Findings of this study are also informative for other relevant parties. In order to become champions of innovation adoption in a library, librarians should develop relevant capacities. In addition to being life-long learners and capable researchers, librarians need to be able to collaborate effectively with professionals in and out of the library community, and to master communication skills for inter- and intra-library diffusion of innovation. They also need to be proactive in gaining administration support for innovation adoption rather than waiting passively for administration decisions. Findings of this study suggest that funders should pay special attention to the early stages of the diffusion and adoption of innovations. They also prove the validities of some existing funding strategies of many funders, such as requiring grantees to develop tools, standards, and solutions that are widely useable, requiring project deliverables to be shared publicly and freely, encouraging multi-institutional and multi-disciplinary collaboration, and supporting forums or conferences that facilitate the diffusion of knowledge about innovations. Professional associations should provide or help the formation of free or low-cost communication channels, such as online communities, virtual conferences, free Webinars, open-access journals or conference proceedings, and local communities of practices that facilitate face-to-face meetings.
Theoretical contributions of findings
In Rogers, innovators and opinion leaders are two different groups. As stated in Rogers (2003):
The most innovative member of a system is very often perceived as a deviant from the social system and is accorded a status of low credibility by the average members of the system. This individual’s role in diffusion… is therefore very limited. Certain other members of the system function as opinion leaders. They provide information and advice about innovations to many other individuals in the system. (p. 26).
While the author believes this scenario does exist in the diffusion and adoption of other innovations, this study reveals the existence of alternatives. In this study, community leaders are both innovators and opinion leaders. They produce widely useful findings and tools, share information and advice regarding innovations and their products and adoption experiences widely in the community.
Niu (2019) discovered that scholarly communication plays an important role in the diffusion and adoption of research data management service. She also pointed out that, although scholarly communication can be considered a sub-type of mass communication, it is particularly important for the diffusion of sophisticated innovations that require professional expertise to adopt. This study confirms the importance of scholarly communication (literature, conferences, etc.). In addition, it discovered the importance of hands-on training in the diffusion of linked data, which is a sophisticated technology innovation. Hands-on training is different from scholarly communication, which is more effective in diffusing concepts and ideas than technical skills. Using the categories defined in diffusion of innovation theories, hands-on training can be either mass communication or interpersonal communication depending on the number of information recipients.

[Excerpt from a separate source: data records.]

(* For every $k\in[n]$ and every signaling scheme $\mathcal{Z}'$ for $\mathcal{D}$, \[\int_0^{F_{\mathcal{D}}(v_k)} s_{\mathcal{Z}'}(x)\,dx\ \le\ V_k-\max_{i\in[k]}\Big\{v_i\sum_{j=i}^k f_{\mathcal{D}}(v_j)\Big\},\qquad\text{where } V_k=\sum_{i=1}^k v_i f_{\mathcal{D}}(v_i).\]
   Context: Values and prior. $0<v_1<\dots<v_n$ are reals, and $v_0:=0$. $\mathcal{D}$ is a distribution on $\{v_1,\dots,v_n\}$ with $f_{\mathcal{D}}(v_i)>0$ and CDF $F_{\mathcal{D}}$. Signals and pricing. A signal is a distribution $S$ on these values, with $G_S(p)=\Pr_{v\sim S}[v\ge p]$. The seller posts $p^*_S$, the smallest $v$ in the support of $S$ maximizing $v\,G_S(v)$. The surplus of value $v$ is $cs_v(S)=\mathbb{1}[v\ge p^*_S](v-p^*_S)$. Signaling schemes. A signaling scheme is $\mathcal{Z}=\{(S_q,\gamma_q)\}_{q\in[Q]}$ with $\gamma_q\ge0$, $\sum\gamma_q=1$ and $\sum_q\gamma_q f_{S_q}=f_{\mathcal{D}}$. Its expected consumer surplus at $v_i$ is $cs_{v_i}(\mathcal{Z})=\sum_q cs_{v_i}(S_q)\gamma_q f_{S_q}(v_i)/f_{\mathcal{D}}(v_i)$. The surplus-mass function $s_{\mathcal{Z}}$ on $(0,1]$ equals $cs_{v_i}(\mathcal{Z})$ on $(F_{\mathcal{D}}(v_{i-1}),F_{\mathcal{D}}(v_i)]$. In particular, $\int_0^{F_{\mathcal{D}}(v_k)}s_{\mathcal{Z}}=\sum_{i\le k}f_{\mathcal{D}}(v_i)\,cs_{v_i}(\mathcal{Z})$. *)

theory Defs
  imports "HOL-Analysis.Analysis"
begin

text \<open>Values are v 1 < ... < v n (indices 1..n), v 0 = 0 is not used.
  Distributions on the values are represented by their mass functions on indices 1..n.\<close>

definition distr_on :: "nat \<Rightarrow> (nat \<Rightarrow> real) \<Rightarrow> bool" where
  "distr_on n g \<longleftrightarrow> (\<forall>i\<in>{1..n}. g i \<ge> 0) \<and> (\<Sum>i=1..n. g i) = 1"

definition Gs :: "nat \<Rightarrow> (nat \<Rightarrow> real) \<Rightarrow> (nat \<Rightarrow> real) \<Rightarrow> real \<Rightarrow> real" where
  "Gs n v g p = (\<Sum>j\<in>{1..n}. if v j \<ge> p then g j else 0)"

Existing diffusion theories focus on one-way communication from innovators, early adopters, and opinion leaders to later adopters. Niu (2019) pointed out that collaboration is a two-way communication channel that allows knowledge related to innovations to flow back and forth among collaborators. This study has found that two-way communication between the senders and receivers of information is prevalent and easy to do due to new communication technologies. For example, people can easily leave comments on a blog, ask a question in a Webinar, and email the author of a paper. As mentioned earlier, some libraries allow the general public to post comments, issues, and questions in their GitHub repository.
In Rogers (2003), mass communication is mediated through communication technologies such as radio, television, and newspapers. This remains true in this study except that the communication technologies are updated. For example, mass communication technologies can be a website, a digital repository, or a YouTube video. However, Rogers defines interpersonal communication as the face-to-face exchange between individuals. This study has found that inter-personal communication is often mediated through communication technologies, such as e-mail, instant messaging, and tele-conference software (which did not exist when Rogers first published his theory). Thus, the definition of interpersonal communication needs to be updated in the current technology environment. Mediated inter-personal communication not only happens between people that are geographically distant, it also happens among co-located people who can easily meet face-to-face, such as people in the same library.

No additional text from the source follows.